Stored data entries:
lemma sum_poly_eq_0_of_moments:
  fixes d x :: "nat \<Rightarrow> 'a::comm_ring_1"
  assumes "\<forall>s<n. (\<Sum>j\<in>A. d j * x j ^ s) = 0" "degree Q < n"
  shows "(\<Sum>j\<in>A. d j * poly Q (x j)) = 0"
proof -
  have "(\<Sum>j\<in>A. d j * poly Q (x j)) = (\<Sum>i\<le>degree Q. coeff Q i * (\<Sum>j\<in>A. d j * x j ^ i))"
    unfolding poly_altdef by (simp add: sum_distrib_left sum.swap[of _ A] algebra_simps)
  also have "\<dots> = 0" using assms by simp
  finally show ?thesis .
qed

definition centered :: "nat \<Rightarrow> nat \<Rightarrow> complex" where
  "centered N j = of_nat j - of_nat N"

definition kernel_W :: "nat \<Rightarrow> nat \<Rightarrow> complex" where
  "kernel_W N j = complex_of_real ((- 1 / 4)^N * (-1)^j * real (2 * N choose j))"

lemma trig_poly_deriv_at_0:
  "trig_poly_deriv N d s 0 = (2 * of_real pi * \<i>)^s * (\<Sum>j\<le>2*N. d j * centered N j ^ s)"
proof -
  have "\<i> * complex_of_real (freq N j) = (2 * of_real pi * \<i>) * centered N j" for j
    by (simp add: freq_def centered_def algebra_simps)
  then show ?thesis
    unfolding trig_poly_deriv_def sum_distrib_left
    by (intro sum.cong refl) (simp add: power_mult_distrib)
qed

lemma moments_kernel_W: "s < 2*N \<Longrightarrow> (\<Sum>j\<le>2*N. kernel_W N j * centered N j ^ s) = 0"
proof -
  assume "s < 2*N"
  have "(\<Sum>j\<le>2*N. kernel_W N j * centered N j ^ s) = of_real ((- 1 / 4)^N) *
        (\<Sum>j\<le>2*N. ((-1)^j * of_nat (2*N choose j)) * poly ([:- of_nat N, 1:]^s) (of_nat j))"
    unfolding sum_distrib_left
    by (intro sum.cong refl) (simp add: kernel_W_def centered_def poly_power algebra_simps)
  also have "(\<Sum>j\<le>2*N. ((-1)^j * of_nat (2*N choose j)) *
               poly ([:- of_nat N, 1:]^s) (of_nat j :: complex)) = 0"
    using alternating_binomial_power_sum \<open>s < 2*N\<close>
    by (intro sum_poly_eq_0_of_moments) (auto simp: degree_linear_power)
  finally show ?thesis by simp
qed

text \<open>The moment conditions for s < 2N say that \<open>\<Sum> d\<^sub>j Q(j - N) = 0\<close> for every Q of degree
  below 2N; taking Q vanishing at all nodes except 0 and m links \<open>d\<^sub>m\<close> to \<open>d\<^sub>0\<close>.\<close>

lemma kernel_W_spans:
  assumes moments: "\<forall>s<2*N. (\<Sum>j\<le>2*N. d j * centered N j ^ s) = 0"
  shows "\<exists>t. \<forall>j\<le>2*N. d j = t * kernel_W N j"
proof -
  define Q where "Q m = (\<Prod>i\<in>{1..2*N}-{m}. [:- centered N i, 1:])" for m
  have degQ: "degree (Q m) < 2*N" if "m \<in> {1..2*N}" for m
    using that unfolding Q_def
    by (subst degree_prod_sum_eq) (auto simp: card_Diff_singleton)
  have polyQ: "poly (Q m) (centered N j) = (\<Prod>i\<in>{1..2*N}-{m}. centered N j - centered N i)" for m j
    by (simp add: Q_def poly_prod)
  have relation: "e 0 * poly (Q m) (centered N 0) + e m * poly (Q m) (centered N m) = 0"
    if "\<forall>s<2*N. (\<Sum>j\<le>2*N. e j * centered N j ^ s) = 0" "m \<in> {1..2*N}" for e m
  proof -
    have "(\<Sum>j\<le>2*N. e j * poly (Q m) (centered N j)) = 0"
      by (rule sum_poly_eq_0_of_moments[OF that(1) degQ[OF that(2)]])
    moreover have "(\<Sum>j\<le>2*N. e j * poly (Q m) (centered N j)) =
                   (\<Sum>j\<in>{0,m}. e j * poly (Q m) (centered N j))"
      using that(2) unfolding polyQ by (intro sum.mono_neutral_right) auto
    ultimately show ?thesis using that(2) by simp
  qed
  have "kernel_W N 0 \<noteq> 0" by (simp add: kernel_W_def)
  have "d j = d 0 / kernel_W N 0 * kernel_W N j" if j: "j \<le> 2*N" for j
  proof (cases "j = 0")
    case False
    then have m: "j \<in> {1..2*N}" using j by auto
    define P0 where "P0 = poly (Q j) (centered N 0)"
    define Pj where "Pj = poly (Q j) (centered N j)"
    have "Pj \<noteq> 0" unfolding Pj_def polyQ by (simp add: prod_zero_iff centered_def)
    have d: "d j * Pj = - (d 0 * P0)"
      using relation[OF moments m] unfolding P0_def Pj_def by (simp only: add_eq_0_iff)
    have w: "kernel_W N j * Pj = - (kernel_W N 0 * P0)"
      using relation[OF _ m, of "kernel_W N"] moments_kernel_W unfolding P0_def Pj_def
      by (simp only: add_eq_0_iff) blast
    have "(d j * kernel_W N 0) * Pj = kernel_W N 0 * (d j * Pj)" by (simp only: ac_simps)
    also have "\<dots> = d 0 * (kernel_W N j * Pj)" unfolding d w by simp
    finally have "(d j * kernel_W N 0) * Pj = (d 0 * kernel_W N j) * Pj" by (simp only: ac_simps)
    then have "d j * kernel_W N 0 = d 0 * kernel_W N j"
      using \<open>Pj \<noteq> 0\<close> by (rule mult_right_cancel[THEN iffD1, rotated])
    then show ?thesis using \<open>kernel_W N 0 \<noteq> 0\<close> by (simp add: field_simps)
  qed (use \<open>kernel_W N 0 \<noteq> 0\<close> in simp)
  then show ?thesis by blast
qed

EXERCISE INSTRUCTIONS: Reproduce exactly, please, only the lines from the start of the data above to the line that contains "N j = of_nat", with both ends kept.

RESPONSE TO THIS EXERCISE:
lemma sum_poly_eq_0_of_moments:
  fixes d x :: "nat \<Rightarrow> 'a::comm_ring_1"
  assumes "\<forall>s<n. (\<Sum>j\<in>A. d j * x j ^ s) = 0" "degree Q < n"
  shows "(\<Sum>j\<in>A. d j * poly Q (x j)) = 0"
proof -
  have "(\<Sum>j\<in>A. d j * poly Q (x j)) = (\<Sum>i\<le>degree Q. coeff Q i * (\<Sum>j\<in>A. d j * x j ^ i))"
    unfolding poly_altdef by (simp add: sum_distrib_left sum.swap[of _ A] algebra_simps)
  also have "\<dots> = 0" using assms by simp
  finally show ?thesis .
qed

definition centered :: "nat \<Rightarrow> nat \<Rightarrow> complex" where
  "centered N j = of_nat j - of_nat N"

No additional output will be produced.